A question I have pondered for several years now, realizing that America has always been the beacon of hope for the world, is: can we continue to expand our” caregiving” for the world?
I look at the plight of our American citizens, not the rich and powerful, not the celebrities, not the politicians, but the average everyday American who has worked all their lives to raise their children and tried to provide more for them and a better life than they had who are now struck by circumstances, voluntary or involuntary, who cannot find enough to eat, can’t afford medications in healthcare, can’t afford housing, and who are steadily becoming more downtrodden and depressed in this land of plenty called America.

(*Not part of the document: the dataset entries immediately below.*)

(* Consider the packet spreading algorithm described in the context with $N=2$ and $K_1\ge K_2$. For every iteration $k\in\{0,1,\dots,K-1\}$, letting $i=m_k$ be the source selected in iteration $k$ and $j$ the other source (i.e. $j=3-i$), we have $$\tilde Q_j^{k+1}=\frac{x_j^k+1}{K_j}-\frac{x_i^k}{K_i}.$$
   Context: Packet spreading algorithm: Let $N\ge 2$, let $K_1,\dots,K_N$ be positive integers and $K=\sum_{n=1}^N K_n$. The algorithm runs iterations $k=0,1,\dots,K-1$ and maintains deficit counters $B_n^k$, $1\le n\le N$, with $B_n^0=0$ for all $n$. In iteration $k$, define the quantums $Q_n^k=\frac{(1-B_n^k)K}{K_n}$; select a source $m_k\in\arg\min_{1\le n\le N} Q_n^k$ (ties broken arbitrarily); let $Q=Q_{m_k}^k$; set $B_n^{k+1}=B_n^k+Q\frac{K_n}{K}$ for $n\neq m_k$ and $B_{m_k}^{k+1}=0$; and set the $k$-th entry of the output pattern to $P(k)=m_k$. Normalized quantums: $\tilde Q_n^k=Q_n^k/K=(1-B_n^k)/K_n$. For $0\le k\le K-1$, $x_n^k$ denotes the number of indices $k'\in\{0,\dots,k\}$ with $m_{k'}=n$, i.e. the number of source-$n$ instances inserted into the pattern after iteration $k$. *)

theory Defs
  imports Complex_Main
begin

text \<open>Sources are indexed by 1..N; Kn n is the (positive integer) count K_n of source n.
  A run of the packet spreading algorithm is given by the sequence of selected sources m
  and the deficit counters B k n (= B_n^k); ties may be broken arbitrarily, so a run is
  any pair (m, B) satisfying the defining rules for iterations k = 0..K-1.\<close>

definition total_K :: "nat \<Rightarrow> (nat \<Rightarrow> nat) \<Rightarrow> nat" where
  "total_K N Kn = (\<Sum>n=1..N. Kn n)"

definition quantum :: "nat \<Rightarrow> (nat \<Rightarrow> nat) \<Rightarrow> (nat \<Rightarrow> nat \<Rightarrow> real) \<Rightarrow> nat \<Rightarrow> nat \<Rightarrow> real" where
  "quantum N Kn B k n = (1 - B k n) * real (total_K N Kn) / real (Kn n)"

definition norm_quantum :: "nat \<Rightarrow> (nat \<Rightarrow> nat) \<Rightarrow> (nat \<Rightarrow> nat \<Rightarrow> real) \<Rightarrow> nat \<Rightarrow> nat \<Rightarrow> real" where
  "norm_quantum N Kn B k n = quantum N Kn B k n / real (total_K N Kn)"

definition spreading_run ::
  "nat \<Rightarrow> (nat \<Rightarrow> nat) \<Rightarrow> (nat \<Rightarrow> nat) \<Rightarrow> (nat \<Rightarrow> nat \<Rightarrow> real) \<Rightarrow> bool" where
  "spreading_run N Kn m B \<longleftrightarrow>
     (\<forall>n\<in>{1..N}. B 0 n = 0) \<and>
     (\<forall>k < total_K N Kn.
        m k \<in> {1..N} \<and>
        (\<forall>n\<in>{1..N}. quantum N Kn B k (m k) \<le> quantum N Kn B k n) \<and>
        B (Suc k) (m k) = 0 \<and>
        (\<forall>n\<in>{1..N}. n \<noteq> m k \<longrightarrow>
           B (Suc k) n = B k n + quantum N Kn B k (m k) * real (Kn n) / real (total_K N Kn)))"

definition inserted :: "(nat \<Rightarrow> nat) \<Rightarrow> nat \<Rightarrow> nat \<Rightarrow> nat" where
  "inserted m n k = card {k'\<in>{0..k}. m k' = n}"

end

theory Submission
  imports Defs
begin

text \<open>For any number of sources the normalized quantums satisfy the invariant
  \<open>Q\<^sub>n\<^sup>k / K = (c\<^sub>n\<^sup>k + 1) / K\<^sub>n - c\<^sup>k\<close>, where \<open>c\<^sub>n\<^sup>k\<close> counts the selections of source \<open>n\<close> before
  iteration \<open>k\<close> and the offset \<open>c\<^sup>k\<close> is common to all sources: the selected source is reset to
  \<open>1 / K\<^sub>m\<close>, and every other normalized quantum drops by the selected one. Hence in iteration
  \<open>k\<close> the offset cancels in the difference of the quantums of the other source \<open>j\<close> and of
  the selected source \<open>i\<close>, and counting iteration \<open>k\<close> itself turns \<open>c\<^sub>i\<^sup>k + 1\<close> into \<open>x\<^sub>i\<^sup>k\<close>.\<close>

definition count_before :: "(nat \<Rightarrow> nat) \<Rightarrow> nat \<Rightarrow> nat \<Rightarrow> nat" where
  "count_before m n k = card {k'. k' < k \<and> m k' = n}"

lemma count_before_0 [simp]: "count_before m n 0 = 0"
  by (simp add: count_before_def)

lemma count_before_Suc:
  "count_before m n (Suc k) = count_before m n k + (if m k = n then 1 else 0)"
proof -
  have "{k'. k' < Suc k \<and> m k' = n} =
        (if m k = n then insert k {k'. k' < k \<and> m k' = n} else {k'. k' < k \<and> m k' = n})"
    by (auto simp: less_Suc_eq)
  then show ?thesis
    by (simp add: count_before_def)
qed

lemma inserted_eq_count_before: "inserted m n k = count_before m n (Suc k)"
proof -
  have "{k'\<in>{0..k}. m k' = n} = {k'. k' < Suc k \<and> m k' = n}"
    by auto
  then show ?thesis
    by (simp add: inserted_def count_before_def)
qed

lemma norm_quantum_eq:
  "0 < total_K N Kn \<Longrightarrow> norm_quantum N Kn B k n = (1 - B k n) / real (Kn n)"
  by (simp add: norm_quantum_def quantum_def)

lemma spreading_run_selected:
  "spreading_run N Kn m B \<Longrightarrow> k < total_K N Kn \<Longrightarrow> m k \<in> {1..N}"
  by (simp add: spreading_run_def)

lemma norm_quantum_Suc_selected:
  assumes "spreading_run N Kn m B" and "k < total_K N Kn"
  shows "norm_quantum N Kn B (Suc k) (m k) = 1 / real (Kn (m k))"
  using assms by (simp add: spreading_run_def norm_quantum_eq)

lemma norm_quantum_Suc_other:
  assumes pos: "\<forall>n\<in>{1..N}. Kn n > 0"
    and run: "spreading_run N Kn m B"
    and k: "k < total_K N Kn"
    and n: "n \<in> {1..N}" "n \<noteq> m k"
  shows "norm_quantum N Kn B (Suc k) n = norm_quantum N Kn B k n - norm_quantum N Kn B k (m k)"
proof -
  have K: "0 < total_K N Kn"
    using k by simp
  have Ki: "real (Kn (m k)) > 0" and Kj: "real (Kn n) > 0"
    using pos n spreading_run_selected[OF run k] by auto
  have "B (Suc k) n = B k n + quantum N Kn B k (m k) * real (Kn n) / real (total_K N Kn)"
    using run k n by (simp add: spreading_run_def)
  also have "\<dots> = B k n + (1 - B k (m k)) * real (Kn n) / real (Kn (m k))"
    using K Ki by (simp add: quantum_def field_simps)
  finally have B_Suc: "B (Suc k) n = B k n + (1 - B k (m k)) * real (Kn n) / real (Kn (m k))" .
  show ?thesis
    using K Ki Kj by (simp add: norm_quantum_eq B_Suc field_simps)
qed

lemma norm_quantum_common_offset:
  assumes pos: "\<forall>n\<in>{1..N}. Kn n > 0"
    and run: "spreading_run N Kn m B"
    and K: "0 < total_K N Kn"
  shows "k \<le> total_K N Kn \<Longrightarrow>
    \<exists>c. \<forall>n\<in>{1..N}. norm_quantum N Kn B k n = (real (count_before m n k) + 1) / real (Kn n) - c"
proof (induction k)
  case 0
  show ?case
    using run K by (auto simp: norm_quantum_eq spreading_run_def)
next
  case (Suc k)
  then have k: "k < total_K N Kn"
    by simp
  from Suc obtain c where c: "\<forall>n\<in>{1..N}.
      norm_quantum N Kn B k n = (real (count_before m n k) + 1) / real (Kn n) - c"
    by auto
  have mk: "m k \<in> {1..N}"
    using spreading_run_selected[OF run k] .
  have Ki: "real (Kn (m k)) > 0"
    using pos mk by auto
  have "norm_quantum N Kn B (Suc k) n = (real (count_before m n (Suc k)) + 1) / real (Kn n)
          - real (count_before m (m k) (Suc k)) / real (Kn (m k))" if n: "n \<in> {1..N}" for n
  proof (cases "n = m k")
    case True
    then show ?thesis
      using norm_quantum_Suc_selected[OF run k] Ki by (simp add: count_before_Suc field_simps)
  next
    case False
    have "norm_quantum N Kn B (Suc k) n = norm_quantum N Kn B k n - norm_quantum N Kn B k (m k)"
      using norm_quantum_Suc_other[OF pos run k n False] .
    also have "\<dots> = (real (count_before m n k) + 1) / real (Kn n)
                     - (real (count_before m (m k) k) + 1) / real (Kn (m k))"
      using c n mk by simp
    finally show ?thesis
      using False by (simp add: count_before_Suc add_divide_distrib)
  qed
  then show ?case
    by blast
qed

text \<open>The hypothesis \<open>Kn 1 \<ge> Kn 2\<close> only fixes the labelling of the sources; the identity
  does not need it.\<close>

theorem mainTheorem2:
  fixes Kn :: "nat \<Rightarrow> nat" and m :: "nat \<Rightarrow> nat" and B :: "nat \<Rightarrow> nat \<Rightarrow> real"
  assumes pos: "\<forall>n\<in>{1..2}. Kn n > 0"
    and order: "Kn 1 \<ge> Kn 2"
    and run: "spreading_run 2 Kn m B"
    and k: "k < total_K 2 Kn"
  shows "norm_quantum 2 Kn B (Suc k) (3 - m k) =
           (real (inserted m (3 - m k) k) + 1) / real (Kn (3 - m k))
           - real (inserted m (m k) k) / real (Kn (m k))"
proof -
  have i: "m k \<in> {1..2}"
    using spreading_run_selected[OF run k] .
  then have j: "3 - m k \<in> {1..2}" "3 - m k \<noteq> m k"
    by (auto, presburger)
  obtain c where c: "\<forall>n\<in>{1..2}.
      norm_quantum 2 Kn B k n = (real (count_before m n k) + 1) / real (Kn n) - c"
    using norm_quantum_common_offset[OF pos run _ less_imp_le[OF k]] k by auto
  have "norm_quantum 2 Kn B (Suc k) (3 - m k) = norm_quantum 2 Kn B k (3 - m k) - norm_quantum 2 Kn B k (m k)"
    using norm_quantum_Suc_other[OF pos run k j] .
  also have "\<dots> = (real (count_before m (3 - m k) k) + 1) / real (Kn (3 - m k))
                   - (real (count_before m (m k) k) + 1) / real (Kn (m k))"
    using c i j by simp
  finally show ?thesis
    using j by (simp add: inserted_eq_count_before count_before_Suc add_divide_distrib)
qed

end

We have children who go hungry, children who are abused and neglected, and yet we seem to put our emphasis more on the” children of the world” than the children of America. Drug use, depression, mental illness are all becoming more prevalent and in some places are reaching epidemic proportions. Children are now raised on violent video games and movies that depict, in much, much too gory detail, the murder and indifference to violence against others. I believe we have developed an indifference in many of our young people to the actual horror and suffering that violence and murder cause. And it does not limit this indifference to peers of the young people, but their fellow humans of any age, race, creed, or color. In simple terms, we are teaching some of our young people that the law of the jungle, survival of the fittest, is the answer to all life’s questions.
In addition, young people are coming from college with an education that qualifies them sometimes for jobs that no longer exist, or have limited opportunities, which leads them into a state of mind that, at a very young age, they have reached the limits of their potential.
Then we come to what may refer to as the” Golden Years”, which I can tell you from experience, are anything but Golden. We have hard-working older Americans who find themselves looked upon by society mostly as a drain on society. Their opinions and experiences are looked at as ancient history as opposed to being revered and listened to. The plight of these older people is truly so very sad. Eventually, their health declines, sometimes their mental faculties, and they find themselves being warehoused into nursing and assisted living facilities. Now, let me say right here, the people that work in the nursing homes and assisted living facilities are, in general, caring, hard-working, nurturing people.
But the older generation finds themselves in these facilities without friends, and unfortunately sometimes, without contact with relatives, and in the situation where all their old friends are in similar straits or have passed on. No matter how caring, or how nice, these facilities are, they are hardly the homes needs people grew up in, or the nurturing family and that they have become used to. Young people tend to either make fun of them or look at them as a drain on society because of their age. I find it very ironic that young people think this way, but continued to vote for people in their twilight years for political office.
Every day, when an older person dies who is not necessarily famous or wealthy, a tremendous library of knowledge and experience is lost forever. These people have seen hardship, wars, they have experienced losses of friends and family and still persevered through trying times young people can never imagine. They have endured things that people today can’t imagine, and have experienced things younger people only dream about.
In my estimation, we cannot expand the American dream to the rest of the world as “caregivers” ourselves, until we can take care of our own.